On December 17th, the light and unpretentious manner of Colasante’s Paquita made the audience root for her from start to finish. But to me, she seemed a bit…tame (for lack of a better word). This girl would either be saved by a prince charming, or not.  Diop’s youthfully eager hero made his “blink and I’m done” attraction to her quite clear. And Colasante’s Paquita seemed to fluff up every time she was around him. He’s a very nice guy and a caring partner, an Albrecht with no secret story. 

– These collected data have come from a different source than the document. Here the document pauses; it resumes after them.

primrec q_traj ::
  "'s measure \<Rightarrow> 'a measure \<Rightarrow> 'z measure \<Rightarrow> ('s \<Rightarrow> real) \<Rightarrow> ('s \<Rightarrow> 'a \<Rightarrow> 's \<Rightarrow> real)
   \<Rightarrow> ('s \<Rightarrow> 'z \<Rightarrow> real) \<Rightarrow> ('z \<Rightarrow> 'a \<Rightarrow> 'z \<Rightarrow> real) \<Rightarrow> ('z \<Rightarrow> 'a measure)
   \<Rightarrow> nat \<Rightarrow> (nat \<Rightarrow> 's \<times> 'z \<times> 'a) measure" where
  "q_traj Ms Ma Mz p0 p e m pol 0 =
     density Ms (\<lambda>s. ennreal (p0 s)) \<bind> (\<lambda>s.
     density Mz (\<lambda>z. ennreal (e s z)) \<bind> (\<lambda>z.
     pol z \<bind> (\<lambda>a.
     return (PiM {..0} (\<lambda>_. Ms \<Otimes>\<^sub>M (Mz \<Otimes>\<^sub>M Ma))) (\<lambda>i\<in>{..0::nat}. (s, z, a)))))"
| "q_traj Ms Ma Mz p0 p e m pol (Suc k) =
     q_traj Ms Ma Mz p0 p e m pol k \<bind> (\<lambda>\<omega>. case \<omega> k of (s, z, a) \<Rightarrow>
     density Ms (\<lambda>s'. ennreal (p s a s')) \<bind> (\<lambda>s'.
     density Mz (\<lambda>z'. ennreal (m z a z')) \<bind> (\<lambda>z'.
     pol z' \<bind> (\<lambda>a'.
     return (PiM {..Suc k} (\<lambda>_. Ms \<Otimes>\<^sub>M (Mz \<Otimes>\<^sub>M Ma))) (fun_upd \<omega> (Suc k) (s', z', a'))))))"

definition LK_integrand ::
  "real \<Rightarrow> ('s \<Rightarrow> 'a \<Rightarrow> real) \<Rightarrow> ('s \<Rightarrow> 'z \<Rightarrow> real) \<Rightarrow> ('z \<Rightarrow> 'a \<Rightarrow> 'z \<Rightarrow> real)
   \<Rightarrow> ('s \<Rightarrow> 'a \<Rightarrow> ennreal) \<Rightarrow> nat \<Rightarrow> (nat \<Rightarrow> 's \<times> 'z \<times> 'a) \<Rightarrow> ereal" where
  "LK_integrand \<gamma> r e m Q K \<omega> =
     (let st = (\<lambda>t. fst (\<omega> t)); zt = (\<lambda>t. fst (snd (\<omega> t))); act = (\<lambda>t. snd (snd (\<omega> t)))
      in lsum (concat (map (\<lambda>t.
            [ ereal (\<gamma> ^ t * (1 - \<gamma>)) * eln (ennreal (r (st t) (act t))),
              ereal (\<gamma> ^ t) * eln (ennreal (e (st (Suc t)) (zt (Suc t)))),
              - (ereal (\<gamma> ^ t) * eln (ennreal (m (zt t) (act t) (zt (Suc t))))) ]) [0..<K])
          @ [ereal (\<gamma> ^ K) * eln (Q (st K) (act K))]))"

Diop kind of overdid it in his first solo, trying to impress his partner, as if he had been coached by Nicolas Le Riche for better or for worse. What I mean is that Le Riche had glorious talent and a penchant for rousing the audience with his split leaps even if that meant sacrificing precision. You might have seen a few off-finishes, a right leg that turned in too early before marvelous leaps and, much less visibly, “my toes aren’t completely stretched right now.”  But the audience clearly did not care for such picky details. He got it all back into control as the evening went on. This very young étoile will hopefully use Manuel Legris as his model instead from now on: he’s got the talent to be the kind of star who never sacrifices precision for expression nor the other way around and still delights an audience.

For me, I wonder whether Valentine Colasante could make more of a contrast between 1) the 1840’s-ish first act of mime and terre à terre caressing of the floor by the foot (the realm of Carlotta Grisi, the first Paquita as well as the first Giselle) and 2) the full-out Petipa of the second act. She could have used really broken-in and more tapered toe shoes at first before later switching to those shiny modern ones when really needed. I wonder if her coach didn’t somehow convince this lovely ballerina, who makes dancing seem as natural as breathing, to dance “small and controlled.”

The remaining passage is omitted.